Many of our thoughts throughout the day pop up randomly usually distorted in some way. Maybe they are unrealistically negative or leave out some vital information. The result is usually a negative shift in mood. Can you think of a recent thought that just popped up like (“I’m a failure”, “I’m so dumb”)?

It is possible that we have these thoughts so frequently that they are easily not even noticeable. We usually do notice these thoughts when we feel angry, sad or even anxious. The purpose for this post is to challenge  you to learn how to identify with some of the common cognitive distortions and replace these thoughts more based on reality.

Catastrophes– This is the thought that we can predict the final outcome of a situation or event. this thought is usually the worst case scenario without thinking of other probable outcomes.

Discounting positives– This is when we tell ourselves the positive things events or attributes don’t count.  Example: “I may have did it well, but that doen’t mean I’m good at it. I just got lucky”

All or nothing– So I’m sure we know this one. The looking at everything as Black or White with no gray area or in between. How does everything only fit in two categories. “I’m either a success or a total faiure.” 

Labeling– This is the generalized label on ourselves or others without considering there may be some other information that could lead to a less disastrous conclusion. (“She is a bad person”, “I’m such a loner”)

Mental Filter– This is a sort of mental abstraction. We pay full focus on one negative detail rather than thinking of the big picture. (Because part of the date was bad, it was a total failure)

Personalizing– This is when we think other are acting a certain way because of us without thinking of other probable causes for their behavior. Example: “He didn’t smile at me when I walked by, he must be mad at me.”

“Should” and “must” statements: This is when we have precise and fixated idea on how we or other people should behave. Overestimating how bad it would be if these expectations are not met.
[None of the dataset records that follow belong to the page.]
(* Let $\mathcal B=(B_1,\dots,B_d)$ be a splitting of order $d$ of $B_J\in\mathbb R^{n\times n}$, let $\lambda\ne0$ be an eigenvalue of $T(\mathcal B)$ and let $[\alpha_1^T,\dots,\alpha_d^T]^T$ (with $\alpha_p\in\mathbb C^n$) be an associated eigenvector. Then $\alpha_p\ne0$ for every $p=1,\dots,d$.
   Context: For $B\in\mathbb R^{n\times n}$, a splitting of $B$ of order $d\ge1$ is an ordered $d$-tuple $\mathcal B=(B_1,\dots,B_d)$ of real $n\times n$ matrices with $B_p\neq O$ for all $p$, $\sum_{p=1}^d B_p=B$, and $B_p\circ B_q=O$ (Hadamard product) for $p\ne q$. The iteration matrix of $\mathcal B$ is the $dn\times dn$ matrix $T(\mathcal B)=(I_{dn}-\mathcal L)^{-1}\mathcal U$, where $\mathcal L,\mathcal U$ are $d\times d$ block matrices with $n\times n$ blocks, $\mathcal L_{ij}=B_j$ if $i>j$ and $O$ otherwise, $\mathcal U_{ij}=B_j$ if $i\le j$ and $O$ otherwise. *)

theory Defs
  imports "Jordan_Normal_Form.Char_Poly" "Jordan_Normal_Form.Gauss_Jordan_Elimination"
begin

text \<open>A splitting of order d of an n x n real matrix B: d nonzero n x n matrices
  Bs 0, ..., Bs (d-1) (0-based indexing) summing to B, with pairwise zero Hadamard products.\<close>
definition is_splitting :: "nat \<Rightarrow> real mat \<Rightarrow> nat \<Rightarrow> (nat \<Rightarrow> real mat) \<Rightarrow> bool" where
  "is_splitting n B d Bs \<longleftrightarrow>
     d \<ge> 1 \<and> B \<in> carrier_mat n n \<and>
     (\<forall>p<d. Bs p \<in> carrier_mat n n \<and> Bs p \<noteq> 0\<^sub>m n n) \<and>
     (\<forall>i<n. \<forall>j<n. B $$ (i,j) = (\<Sum>p<d. Bs p $$ (i,j))) \<and>
     (\<forall>p<d. \<forall>q<d. p \<noteq> q \<longrightarrow> (\<forall>i<n. \<forall>j<n. Bs p $$ (i,j) * Bs q $$ (i,j) = 0))"

text \<open>Block matrices: block (I,J) (0-based) occupies rows I*n..I*n+n-1, columns J*n..J*n+n-1.\<close>
definition split_L :: "nat \<Rightarrow> nat \<Rightarrow> (nat \<Rightarrow> real mat) \<Rightarrow> real mat" where
  "split_L n d Bs = mat (d*n) (d*n)
     (\<lambda>(i,j). if i div n > j div n then Bs (j div n) $$ (i mod n, j mod n) else 0)"

definition split_U :: "nat \<Rightarrow> nat \<Rightarrow> (nat \<Rightarrow> real mat) \<Rightarrow> real mat" where
  "split_U n d Bs = mat (d*n) (d*n)
     (\<lambda>(i,j). if i div n \<le> j div n then Bs (j div n) $$ (i mod n, j mod n) else 0)"

text \<open>Iteration matrix T = (I - L)^{-1} U (I - L is unit lower triangular, hence invertible).\<close>
definition iteration_matrix :: "nat \<Rightarrow> nat \<Rightarrow> (nat \<Rightarrow> real mat) \<Rightarrow> real mat" where
  "iteration_matrix n d Bs =
     the (mat_inverse (1\<^sub>m (d*n) - split_L n d Bs)) * split_U n d Bs"

definition block_vec :: "nat \<Rightarrow> complex vec \<Rightarrow> nat \<Rightarrow> complex vec" where
  "block_vec n v p = vec n (\<lambda>i. v $ (p*n + i))"

end

theory Submission imports Defs begin

(* Write c_q = B_q alpha_q. Since I - L is unit lower triangular, T alpha = lambda alpha is
   equivalent to U alpha = lambda (alpha - L alpha), whose p-th block reads
     sum_{q >= p} c_q = lambda (alpha_p - sum_{q < p} c_q).
   Subtracting the equations for p and p + 1 gives lambda (alpha_p - alpha_{p+1}) = (1 - lambda) c_p,
   so, as lambda <> 0, a zero block forces the next one to vanish. Once the last block vanishes,
   its equation gives sum_q c_q = 0, and then the first equation gives lambda alpha_1 = 0;
   propagating from the first block, all blocks vanish, contradicting alpha <> 0. *)

lemma sum_lessThan_mult_blocks:
  fixes n :: nat
  shows "(\<Sum>k<d*n. f k) = (\<Sum>q<d. \<Sum>r<n. f (q*n + r))"
proof -
  have "(\<Sum>k<d*n. f k) = (\<Sum>q<d. \<Sum>k\<in>{q*n..<q*n + n}. f k)"
    by (rule sum.nat_group[symmetric])
  also have "\<dots> = (\<Sum>q<d. \<Sum>r<n. f (q*n + r))"
  proof (rule sum.cong[OF refl])
    fix q
    show "(\<Sum>k\<in>{q*n..<q*n + n}. f k) = (\<Sum>r<n. f (q*n + r))"
      using sum.shift_bounds_nat_ivl[of f 0 "q*n" n] by (simp add: atLeast0LessThan add.commute)
  qed
  finally show ?thesis .
qed

lemma block_index_less:
  assumes "p < d" and "i < n"
  shows "p*n + i < d*(n::nat)"
proof -
  have "p*n + i < Suc p * n" using assms(2) by simp
  also have "\<dots> \<le> d*n" using assms(1) by (intro mult_le_mono1) simp
  finally show ?thesis .
qed

lemma mult_mat_vec_by_blocks:
  fixes M :: "'a::comm_semiring_0 mat"
  assumes "M \<in> carrier_mat m (d*n)" and "v \<in> carrier_vec (d*n)" and "j < m"
  shows "(M *\<^sub>v v) $ j = (\<Sum>q<d. \<Sum>r<n. M $$ (j, q*n + r) * v $ (q*n + r))"
proof -
  have "(M *\<^sub>v v) $ j = (\<Sum>k<d*n. M $$ (j, k) * v $ k)"
    using assms by (simp add: scalar_prod_def lessThan_atLeast0)
  then show ?thesis by (simp add: sum_lessThan_mult_blocks)
qed

lemma split_L_block_entry:
  assumes "p < d" "q < d" "i < n" "r < n"
  shows "split_L n d Bs $$ (p*n + i, q*n + r) = (if q < p then Bs q $$ (i, r) else 0)"
  using assms block_index_less[of p d i n] block_index_less[of q d r n] by (simp add: split_L_def)

lemma split_U_block_entry:
  assumes "p < d" "q < d" "i < n" "r < n"
  shows "split_U n d Bs $$ (p*n + i, q*n + r) = (if p \<le> q then Bs q $$ (i, r) else 0)"
  using assms block_index_less[of p d i n] block_index_less[of q d r n] by (simp add: split_U_def)

lemma split_L_carrier: "split_L n d Bs \<in> carrier_mat (d*n) (d*n)"
  by (simp add: split_L_def)

lemma split_U_carrier: "split_U n d Bs \<in> carrier_mat (d*n) (d*n)"
  by (simp add: split_U_def)

lemma one_minus_split_L_carrier: "1\<^sub>m (d*n) - split_L n d Bs \<in> carrier_mat (d*n) (d*n)"
  by (simp add: split_L_carrier minus_carrier_mat)

lemma det_one_minus_split_L: "det (1\<^sub>m (d*n) - split_L n d Bs) = 1"
proof -
  let ?M = "1\<^sub>m (d*n) - split_L n d Bs"
  have "det ?M = prod_list (diag_mat ?M)"
    by (rule det_lower_triangular[OF _ one_minus_split_L_carrier])
      (auto simp: split_L_def, meson div_le_mono less_imp_le not_le)
  also have "\<dots> = 1"
    unfolding prod_list_diag_prod by (rule prod.neutral) (auto simp: split_L_def)
  finally show ?thesis .
qed

lemma one_minus_split_L_mult_iteration_matrix:
  "(1\<^sub>m (d*n) - split_L n d Bs) * iteration_matrix n d Bs = split_U n d Bs"
  and iteration_matrix_carrier: "iteration_matrix n d Bs \<in> carrier_mat (d*n) (d*n)"
proof -
  let ?M = "1\<^sub>m (d*n) - split_L n d Bs"
  have M: "?M \<in> carrier_mat (d*n) (d*n)" by (rule one_minus_split_L_carrier)
  have "?M \<in> Units (ring_mat TYPE(real) (d*n) (undefined::unit))"
    using det_non_zero_imp_unit[OF M] by (simp add: det_one_minus_split_L)
  then obtain Mi where Mi: "mat_inverse ?M = Some Mi"
    using mat_inverse(1)[OF M] by fastforce
  with mat_inverse(2)[OF M] have MMi: "?M * Mi = 1\<^sub>m (d*n)" and Mi_carrier: "Mi \<in> carrier_mat (d*n) (d*n)"
    by auto
  have U: "split_U n d Bs \<in> carrier_mat (d*n) (d*n)" by (rule split_U_carrier)
  have T: "iteration_matrix n d Bs = Mi * split_U n d Bs"
    by (simp add: iteration_matrix_def Mi)
  show "iteration_matrix n d Bs \<in> carrier_mat (d*n) (d*n)"
    using Mi_carrier U by (simp add: T)
  have "?M * (Mi * split_U n d Bs) = (?M * Mi) * split_U n d Bs"
    using M Mi_carrier U by (simp add: assoc_mult_mat)
  then show "?M * iteration_matrix n d Bs = split_U n d Bs"
    using U by (simp add: T MMi)
qed

lemma iteration_matrix_eigenvector_equation:
  assumes "eigenvector (map_mat complex_of_real (iteration_matrix n d Bs)) v lam"
  shows "map_mat complex_of_real (split_U n d Bs) *\<^sub>v v
      = lam \<cdot>\<^sub>v (v - map_mat complex_of_real (split_L n d Bs) *\<^sub>v v)"
proof -
  let ?h = "map_mat complex_of_real"
  let ?M = "1\<^sub>m (d*n) - split_L n d Bs" and ?T = "iteration_matrix n d Bs"
  have M: "?M \<in> carrier_mat (d*n) (d*n)" by (rule one_minus_split_L_carrier)
  have T: "?T \<in> carrier_mat (d*n) (d*n)" by (rule iteration_matrix_carrier)
  have L: "split_L n d Bs \<in> carrier_mat (d*n) (d*n)" by (rule split_L_carrier)
  from assms T have v: "v \<in> carrier_vec (d*n)" and Tv: "?h ?T *\<^sub>v v = lam \<cdot>\<^sub>v v"
    by (auto simp: eigenvector_def)
  have "?h (split_U n d Bs) = ?h ?M * ?h ?T"
    using of_real_hom.mat_hom_mult[OF M T] by (simp add: one_minus_split_L_mult_iteration_matrix)
  then have "?h (split_U n d Bs) *\<^sub>v v = ?h ?M *\<^sub>v (?h ?T *\<^sub>v v)"
    using M T v by (simp add: assoc_mult_mat_vec)
  also have "\<dots> = lam \<cdot>\<^sub>v (?h ?M *\<^sub>v v)"
    using M v by (simp add: Tv mult_mat_vec)
  also have "?h ?M = 1\<^sub>m (d*n) - ?h (split_L n d Bs)"
    by (rule eq_matI) (auto simp: split_L_def)
  also have "(1\<^sub>m (d*n) - ?h (split_L n d Bs)) *\<^sub>v v = v - ?h (split_L n d Bs) *\<^sub>v v"
    using L v by (subst minus_mult_distrib_mat_vec) auto
  finally show ?thesis .
qed

lemma block_vec_carrier [simp]: "block_vec n v p \<in> carrier_vec n"
  by (simp add: block_vec_def)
Example: “Its terrible that I made a mistake. I should have done better.” 

We all think this way from time to time. When reading these we can begin to realize there are more adaptive ways of thinking about ourselves, events, and others. The “worst”  case scenario rarely ever comes true. The fear  of the worst case scenario can be debilitating. Once we begin to identify with our cognitive distortions we come up with more realistic thought pattern. When we start to realize there are other possibilities of scenarios it get easier to loosen up. Practice catching yourself with some automatic thought patterns and brain storm multiple possibilities. Notice the array of feelings that come about when brainstorming. Than ask yourself what was the type distortion or thought pattern that influenced that feeling. Is it rational? Is it realistic? Is it true? Is it likely?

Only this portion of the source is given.